(* Let $G$ be a strongly connected digraph with at least two vertices. Then for every arc $(v,w)$ of $G$ there exists an arc $(a,b)$ of $G$ that is a good arc for $(v,w)$.
   Context: Digraphs may have loops but no multiple arcs; paths are directed, without repeated vertices, and a path from a vertex to itself may have length $0$. For a set or element $X$ of arcs, $G\setminus X$ is the digraph obtained by removing $X$. Given arcs $(a,b)$ and $(v,w)$ of $G$, $(a,b)$ is a good arc for $(v,w)$ if: (i) $b\neq w$; (ii) for every vertex $u\neq w$, $G\setminus(a,b)$ has a path from $u$ to $v$; (iii) for every vertex $u$, either $G\setminus(a,b)$ has a path from $w$ to $u$, or $G$ has a path from $w$ to $u$ that contains the arc $(a,b)$ and such that every vertex of its subpath from $b$ to $u$ has in-degree one in $G$. *)

theory Defs
  imports Main
begin

definition digraph :: "'a set \<Rightarrow> ('a \<times> 'a) set \<Rightarrow> bool" where
  "digraph V E \<longleftrightarrow> finite V \<and> E \<subseteq> V \<times> V"

definition is_path :: "'a set \<Rightarrow> ('a \<times> 'a) set \<Rightarrow> 'a list \<Rightarrow> bool" where
  "is_path V E xs \<longleftrightarrow> xs \<noteq> [] \<and> distinct xs \<and> set xs \<subseteq> V \<and>
     (\<forall>i. Suc i < length xs \<longrightarrow> (xs ! i, xs ! Suc i) \<in> E)"

definition path_from_to :: "'a set \<Rightarrow> ('a \<times> 'a) set \<Rightarrow> 'a list \<Rightarrow> 'a \<Rightarrow> 'a \<Rightarrow> bool" where
  "path_from_to V E xs u v \<longleftrightarrow> is_path V E xs \<and> hd xs = u \<and> last xs = v"

definition has_path :: "'a set \<Rightarrow> ('a \<times> 'a) set \<Rightarrow> 'a \<Rightarrow> 'a \<Rightarrow> bool" where
  "has_path V E u v \<longleftrightarrow> (\<exists>xs. path_from_to V E xs u v)"

definition strongly_connected :: "'a set \<Rightarrow> ('a \<times> 'a) set \<Rightarrow> bool" where
  "strongly_connected V E \<longleftrightarrow> (\<forall>u\<in>V. \<forall>v\<in>V. has_path V E u v)"

definition in_degree :: "('a \<times> 'a) set \<Rightarrow> 'a \<Rightarrow> nat" where
  "in_degree E y = card {x. (x, y) \<in> E}"

definition good_arc :: "'a set \<Rightarrow> ('a \<times> 'a) set \<Rightarrow> 'a \<times> 'a \<Rightarrow> 'a \<times> 'a \<Rightarrow> bool" where
  "good_arc V E ab vw \<longleftrightarrow> (case ab of (a, b) \<Rightarrow> case vw of (v, w) \<Rightarrow>
     ab \<in> E \<and> vw \<in> E \<and>
     b \<noteq> w \<and>
     (\<forall>u\<in>V. u \<noteq> w \<longrightarrow> has_path V (E - {(a, b)}) u v) \<and>
     (\<forall>u\<in>V. has_path V (E - {(a, b)}) w u \<or>
        (\<exists>xs i. path_from_to V E xs w u \<and> Suc i < length xs \<and>
           xs ! i = a \<and> xs ! Suc i = b \<and>
           (\<forall>j. Suc i \<le> j \<and> j < length xs \<longrightarrow> in_degree E (xs ! j) = 1))))"

end

theory Submission
  imports Defs
begin

text \<open>If deleting some arc (a, b) with b \<noteq> w leaves the digraph strongly connected, that arc
  is good. Otherwise take a maximal proper vertex set U containing w that induces a strongly
  connected subgraph, and contains v unless U = {w}. An ear of U (a path leaving U and
  returning to it, through vertices outside U) extends U to a strongly connected set, so by
  maximality U and the ear span the digraph. Then every arc entering an inner vertex y of the ear
  is an ear arc, since any other arc into y could be deleted without losing strong connectivity;
  hence inner ear vertices have in-degree one. The first arc of the ear is good: the remaining
  arcs of U and the ear still lead every vertex to v, and w reaches the ear vertices along a
  path through U followed by the ear, whose vertices after the first ear arc have in-degree one.\<close>

lemma is_path_iff:
  "is_path V E xs \<longleftrightarrow>
     xs \<noteq> [] \<and> distinct xs \<and> set xs \<subseteq> V \<and> successively (\<lambda>x y. (x, y) \<in> E) xs"
  unfolding is_path_def successively_conv_nth by blast

lemma successively_imp_rtrancl:
  assumes "successively (\<lambda>x y. (x, y) \<in> E) xs" and "xs \<noteq> []"
  shows "(hd xs, last xs) \<in> E\<^sup>*"
  using assms by (induction "\<lambda>x y. (x, y) \<in> E" xs rule: successively.induct) auto

lemma rtrancl_imp_path_from_to:
  assumes "(u, v) \<in> E\<^sup>*" and "E \<subseteq> V \<times> V" and "u \<in> V"
  shows "\<exists>xs. path_from_to V E xs u v"
  using assms(1,3)
proof (induction rule: converse_rtrancl_induct)
  case base
  then show ?case
    by (intro exI[of _ "[v]"]) (simp add: path_from_to_def is_path_iff)
next
  case (step x y)
  then obtain ys where ys: "path_from_to V E ys y v"
    using assms(2) by blast
  show ?case
  proof (cases "x \<in> set ys")
    case True
    then obtain as bs where "ys = as @ x # bs"
      by (meson split_list)
    then show ?thesis
      using ys by (intro exI[of _ "x # bs"])
        (auto simp: path_from_to_def is_path_iff successively_append_iff)
  next
    case False
    then show ?thesis
      using ys step by (intro exI[of _ "x # ys"])
        (auto simp: path_from_to_def is_path_iff successively_Cons)
  qed
qed

lemma has_path_iff_rtrancl:
  assumes "E \<subseteq> V \<times> V" and "u \<in> V"
  shows "has_path V E u v \<longleftrightarrow> (u, v) \<in> E\<^sup>*"
  using rtrancl_imp_path_from_to[OF _ assms] successively_imp_rtrancl
  by (auto simp: has_path_def path_from_to_def is_path_iff)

### WORK TASK
A bare number is all that is asked for: the count of lines above that include "assumes".

### RESPONSE TO THIS EXERCISE
3